Perth teenager Arno Faraji has transcended expectations with his effortlessly cool "vibe music" to emerge as one of Australian hip hop's brightest futures
When Perth teenager ARNO FARAJI became the first hip hop artist to win Triple J’s Unearthed High competition in 2017 it was undoubtedly a groundbreaking moment for the genre in this country. It was also a moment - you would have to suspect - that had the potential to burden the then 17-year-old’s career with pressure of unreasonable expectations. Imagine being told that you were the future, the fresh-faced prince of a newly revitalised genre sitting at the forefront of a new wave of Australian hip hop - all based off some demos you’d uploaded to the internet after only a year of making music. Luckily, in 2018, the trailblazing Zimbabwe-born producer-slash-rapper transcended those expectations - and did so with effortless style.
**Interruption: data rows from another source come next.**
subsection \<open>The Jacobian\<close>

definition has_coord_derivs ::
    "'a set \<Rightarrow> (real \<Rightarrow> 'a \<Rightarrow> real) \<Rightarrow> ('a \<Rightarrow> real) \<Rightarrow> real \<Rightarrow> bool" where
  "has_coord_derivs I G v s0 \<longleftrightarrow> (\<forall>p\<in>I. ((\<lambda>s. G s p) has_real_derivative v p) (at s0))"

definition exp_weight :: "real \<Rightarrow> real \<Rightarrow> real" where
  "exp_weight a b = exp a / (exp a + exp b)"

lemma exp_weight_complement: "1 - exp_weight a b = exp_weight b a"
proof -
  have "exp a + exp b > 0" by (simp add: add_pos_pos)
  then show ?thesis by (simp add: exp_weight_def field_simps)
qed

lemma has_real_derivative_ln_exp_sum:
  assumes "(f has_real_derivative f') (at s0)" "(g has_real_derivative g') (at s0)"
  shows "((\<lambda>s. ln (exp (f s) + exp (g s))) has_real_derivative
     exp_weight (f s0) (g s0) * f' + exp_weight (g s0) (f s0) * g') (at s0)"
proof -
  have "0 < exp (f s0) + exp (g s0)" by (simp add: add_pos_pos)
  from DERIV_chain2[OF DERIV_ln_divide[OF this] DERIV_add[OF DERIV_fun_exp DERIV_fun_exp, OF assms]]
  show ?thesis by (simp add: exp_weight_def add_divide_distrib add.commute)
qed

text \<open>Jacobian matrix of log_move r c for 2 \<le> r \<le> c; B and C are the cells of the
  entries x (r - 1, c) and x (r, c - 1).\<close>

definition inner_jac :: "nat \<Rightarrow> nat \<Rightarrow> (nat \<times> nat \<Rightarrow> real) \<Rightarrow> nat \<times> nat \<Rightarrow> nat \<times> nat \<Rightarrow> real" where
  "inner_jac r c y p q =
    (let B = (r-1, c); C = (min r (c-1), max r (c-1)); wB = exp_weight (y B) (y C); wC = exp_weight (y C) (y B) in
     if p = (r-1, c-1) then (if q = p then -1 else 0) + (if q = B then wC else 0) + (if q = C then wB else 0)
     else if p = (r, c) then (if q = p then 1 else 0) + (if q = B then wB else 0) + (if q = C then wC else 0)
     else id_mat p q)"

definition border_jac :: "nat \<Rightarrow> nat \<times> nat \<Rightarrow> nat \<times> nat \<Rightarrow> real" where
  "border_jac c p q = (if p = (1, c) then (if q = p then 1 else 0) + (if q = (1, c-1) then 1 else 0) else id_mat p q)"

lemma finite_utri: "finite (utri n)"
  by (rule finite_subset[of _ "{1..n} \<times> {1..n}"]) (auto simp: utri_def)

lemma mat_vec_on_other_row:
  assumes "finite I" "p \<in> I" "\<And>q. M p q = id_mat p q"
  shows "mat_vec_on I M v p = v p"
  using assms mat_vec_on_id_mat[of I p v] by (simp add: mat_vec_on_def)

lemma has_coord_derivs_log_move_inner:
  assumes rc: "2 \<le> r" "r \<le> c" "c \<le> n" and G: "has_coord_derivs (utri n) G v s0"
  shows "has_coord_derivs (utri n) (\<lambda>s. log_move r c (G s)) (mat_vec_on (utri n) (inner_jac r c (G s0)) v) s0"
  unfolding has_coord_derivs_def
proof
  fix p assume p: "p \<in> utri n"
  obtain a b where ab: "r = Suc a" "c = Suc b"
    using rc by (cases r; cases c) auto
  let ?A = "(a, b)" and ?B = "(a, Suc b)" and ?C = "(min (Suc a) b, max (Suc a) b)" and ?D = "(Suc a, Suc b)"
  let ?L = "\<lambda>s. ln (exp (G s ?B) + exp (G s ?C))"
  let ?wB = "exp_weight (G s0 ?B) (G s0 ?C)" and ?wC = "exp_weight (G s0 ?C) (G s0 ?B)"
  let ?Jv = "mat_vec_on (utri n) (inner_jac r c (G s0)) v"
  have cells: "?A \<in> utri n" "?B \<in> utri n" "?C \<in> utri n" "?D \<in> utri n"
    using rc ab by (auto simp: utri_def min_def max_def)
  have dG: "((\<lambda>s. G s q) has_real_derivative v q) (at s0)" if "q \<in> utri n" for q
    using G that by (simp add: has_coord_derivs_def)
  have dL: "(?L has_real_derivative ?wB * v ?B + ?wC * v ?C) (at s0)"
    by (intro has_real_derivative_ln_exp_sum dG cells)
  have ne: "?A \<noteq> ?D" "?A \<noteq> ?B" "?A \<noteq> ?C" "?D \<noteq> ?B" "?D \<noteq> ?C"
    using rc ab by (auto simp: min_def max_def)
  note sums = sum.distrib distrib_right sum_indicator_mult finite_utri cells
  consider "p = ?A" | "p = ?D" | "p \<noteq> ?A" "p \<noteq> ?D" by blast
  then show "((\<lambda>s. log_move r c (G s) p) has_real_derivative ?Jv p) (at s0)"
  proof cases
    case 1
    have "?Jv p = - v ?A + ?wC * v ?B + ?wB * v ?C"
      using 1 ne by (simp add: mat_vec_on_def inner_jac_def Let_def ab sums)
    also have "\<dots> = v ?B + v ?C - v ?A - (?wB * v ?B + ?wC * v ?C)"
      unfolding exp_weight_complement[of "G s0 ?B" "G s0 ?C", symmetric] by (simp add: algebra_simps)
    finally have Jv: "?Jv p = \<dots>" .
    have "((\<lambda>s. G s ?B + G s ?C - G s ?A - ?L s) has_real_derivative ?Jv p) (at s0)"
      unfolding Jv by (intro DERIV_diff DERIV_add dG cells dL)
    then show ?thesis
      using 1 rc log_move_inner_upper_left[of r c] by (simp add: ab)
  next
    case 2
    have "?Jv p = v ?D + (?wB * v ?B + ?wC * v ?C)"
      using 2 ne by (simp add: mat_vec_on_def inner_jac_def Let_def ab sums)
    then have "((\<lambda>s. G s ?D + ?L s) has_real_derivative ?Jv p) (at s0)"
      by (simp only:) (intro DERIV_add dG cells dL)
    then show ?thesis
      using 2 rc log_move_inner_lower_right[of r c] by (simp add: ab)
  next
    case 3
    then have "?Jv p = v p"
      by (intro mat_vec_on_other_row[OF finite_utri p]) (simp add: inner_jac_def ab)
    then show ?thesis
      using 3 dG[OF p] log_move_other[of p r c] by (simp add: ab)
  qed
qed
lemma laurent_fun_eq_0:
  assumes "laurent_fun f" "infinite S" "0 \<notin> S" "\<forall>s\<in>S. f s = 0" "x \<noteq> 0"
  shows "f x = 0"
proof -
  obtain Q N where f: "\<And>x. x \<noteq> 0 \<Longrightarrow> x ^ N * f x = poly Q x"
    using assms(1) unfolding laurent_fun_def by blast
  have "S \<subseteq> {x. poly Q x = 0}"
  proof
    fix s assume "s \<in> S"
    then have "s \<noteq> 0" "f s = 0" using assms(3,4) by auto
    then show "s \<in> {x. poly Q x = 0}" using f[of s] by simp
  qed
  then have "Q = 0" using poly_roots_finite[of Q] assms(2) finite_subset by blast
  then show ?thesis using f[OF assms(5)] assms(5) by simp
qed

section \<open>Zariski closure\<close>

definition zariski_hull :: "nat \<Rightarrow> complex mat set \<Rightarrow> complex mat set" where
  "zariski_hull m S =
     {A \<in> carrier_mat m m. \<forall>p \<in> poly_fun m. (\<forall>B \<in> S. p B = 0) \<longrightarrow> p A = 0}"

lemma zariski_closure_GL_iff:
  "A \<in> zariski_closure_GL m S \<longleftrightarrow> A \<in> zariski_hull m S \<and> det A \<noteq> 0"
  unfolding zariski_closure_GL_def zariski_hull_def by blast

lemma subset_zariski_hull: "S \<subseteq> carrier_mat m m \<Longrightarrow> S \<subseteq> zariski_hull m S"
  unfolding zariski_hull_def by blast

lemma laurent_curve_in_zariski_hull:
  assumes laurent: "\<And>r c. r < m \<Longrightarrow> c < m \<Longrightarrow> laurent_fun (\<lambda>x. F x $$ (r, c))"
    and "F x \<in> carrier_mat m m" "x \<noteq> 0"
    and "infinite S" "0 \<notin> S" "F ` S \<subseteq> zariski_hull m T"
  shows "F x \<in> zariski_hull m T"
  unfolding zariski_hull_def
proof (intro CollectI conjI ballI impI)
  fix p assume "p \<in> poly_fun m" "\<forall>B\<in>T. p B = 0"
  moreover have "laurent_fun (\<lambda>x. p (F x))"
    using laurent_fun_poly_fun[OF \<open>p \<in> poly_fun m\<close> laurent] .
  ultimately show "p (F x) = 0"
    using assms(3-6) by (intro laurent_fun_eq_0[where S = S]) (auto simp: zariski_hull_def)
qed fact

section \<open>The image of the braid group\<close>

lemma braid_image_carrier: "A \<in> braid_image n q1 q2 \<Longrightarrow> A \<in> carrier_mat (n - 1) (n - 1)"
  by (induction rule: braid_image.induct) (auto simp: rho_gen_def mat1_def)

lemma rho_gen_carrier [simp]: "rho_gen n q1 q2 i \<in> carrier_mat (n - 1) (n - 1)"
  by (simp add: rho_gen_def mat1_def)

lemma braid_image_mult:
  assumes A: "A \<in> braid_image n q1 q2" and "B \<in> braid_image n q1 q2"
  shows "A * B \<in> braid_image n q1 q2"
  using \<open>B \<in> braid_image n q1 q2\<close>
proof induction
  case one
  then show ?case using A braid_image_carrier[OF A] by simp
next
  case (gen B i)
  have "A * (B * rho_gen n q1 q2 i) = A * B * rho_gen n q1 q2 i"
    using assoc_mult_mat[OF braid_image_carrier[OF A] braid_image_carrier[OF gen.hyps(1)] rho_gen_carrier]
    by simp
  then show ?case using gen braid_image.gen by simp
next
  case (geninv B i C)
  have "A * (B * C) = A * B * C"
    using assoc_mult_mat[OF braid_image_carrier[OF A] braid_image_carrier[OF geninv.hyps(1)] geninv.hyps(4)]
    by simp
  then show ?case using geninv braid_image.geninv by simp
qed

lemma rho_gen_in_braid_image:
  assumes "1 \<le> i" "i \<le> n - 1"
  shows "rho_gen n q1 q2 i \<in> braid_image n q1 q2"
proof -
  have "1\<^sub>m (n - 1) * rho_gen n q1 q2 i \<in> braid_image n q1 q2"
    using braid_image.gen[OF braid_image.one assms] .
  then show ?thesis using left_mult_one_mat[OF rho_gen_carrier] by simp
qed

lemma braid_image_pow:
  assumes "A \<in> braid_image n q1 q2"
  shows "A ^\<^sub>m k \<in> braid_image n q1 q2"
proof (induction k)
  case 0
  then show ?case using braid_image.one braid_image_carrier[OF assms] by simp
next
  case (Suc k)
  then show ?case using braid_image_mult[OF _ assms] by simp
qed

lemma braid_image_foldr:
  assumes "set xs \<subseteq> {1..n - 1}"
  shows "foldr (\<lambda>i A. rho_gen n q1 q2 i * A) xs (1\<^sub>m (n - 1)) \<in> braid_image n q1 q2"
  using assms
proof (induction xs)
  case Nil
  then show ?case using braid_image.one by simp
next
  case (Cons i xs)
  then show ?case using braid_image_mult rho_gen_in_braid_image[of i n q1 q2] by simp
qed

section \<open>The one-parameter subgroups\<close>

definition H_mat :: "nat \<Rightarrow> complex \<Rightarrow> complex \<Rightarrow> nat \<Rightarrow> complex \<Rightarrow> complex mat" where
  "H_mat n a b i z = mat1 (n - 1) (H_entry n a b i z)"

lemma H_mat_carrier [simp]: "H_mat n a b i z \<in> carrier_mat (n - 1) (n - 1)"
  by (simp add: H_mat_def mat1_def)

text \<open>Column vectors are modelled as sequences on the 1-based indices \<open>1..m\<close>, padded with zeros
  at \<open>0\<close> and \<open>m + 1\<close>, so that \<open>H\<^sub>i\<close> acts by one formula also in the boundary rows \<open>i = 1\<close> and \<open>i = m\<close>.\<close>

definition vec1 :: "nat \<Rightarrow> (nat \<Rightarrow> complex) \<Rightarrow> complex vec" where
  "vec1 m v = vec m (\<lambda>k. v (k + 1))"

definition zero_padded :: "nat \<Rightarrow> (nat \<Rightarrow> complex) \<Rightarrow> bool" where
  "zero_padded m v \<longleftrightarrow> v 0 = 0 \<and> v (m + 1) = 0"

definition unit_seq :: "nat \<Rightarrow> nat \<Rightarrow> complex" where
  "unit_seq j = (\<lambda>k. if k = j then 1 else 0)"

definition H_seq :: "complex \<Rightarrow> complex \<Rightarrow> nat \<Rightarrow> complex \<Rightarrow> (nat \<Rightarrow> complex) \<Rightarrow> nat \<Rightarrow> complex" where
  "H_seq a b i z v = v(i := b * (1 - z) * v (i - 1) + z * v i + a * (1 - z) * v (i + 1))"

lemma vec1_carrier [simp]: "vec1 m v \<in> carrier_vec m"
  by (simp add: vec1_def)

lemma vec1_unit_seq: "vec1 m (unit_seq (Suc j)) = unit_vec m j"
  by (auto simp: vec1_def unit_seq_def unit_vec_def)

lemma zero_padded_unit_seq: "1 \<le> j \<Longrightarrow> j \<le> m \<Longrightarrow> zero_padded m (unit_seq j)"
  by (simp add: zero_padded_def unit_seq_def)

lemma zero_padded_H_seq: "zero_padded m v \<Longrightarrow> 1 \<le> i \<Longrightarrow> i \<le> m \<Longrightarrow> zero_padded m (H_seq a b i z v)"
  by (simp add: zero_padded_def H_seq_def)

lemma H_seq_H_seq:
  assumes "1 \<le> i"
  shows "H_seq a b i z (H_seq a b i z' v) = H_seq a b i (z * z') v"
proof -
  have "i - 1 \<noteq> i" "i + 1 \<noteq> i" using assms by auto
  moreover have "b * (1 - z) * x + z * (b * (1 - z') * x + z' * y + a * (1 - z') * u) + a * (1 - z) * u
      = b * (1 - z * z') * x + z * z' * y + a * (1 - z * z') * u" for x y u
    by (simp add: algebra_simps)
  ultimately show ?thesis by (simp add: H_seq_def)
qed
It’s a style which has been on shown across the pair of beyond-his-years singles he released in 2018: ‘Bless (What It’s Like)’, his collaboration with Remi and Sensible J, and the more recent ‘things change’, which arrived alongside news of his management deal with Sydney tastemakers Astral People, a roster which, boasting the likes of Milan Ring, Winston Surfshirt and Cosmo's Midnight seems the perfect home for Faraji’s brand of stylish, dance-inflected hip hop to grow.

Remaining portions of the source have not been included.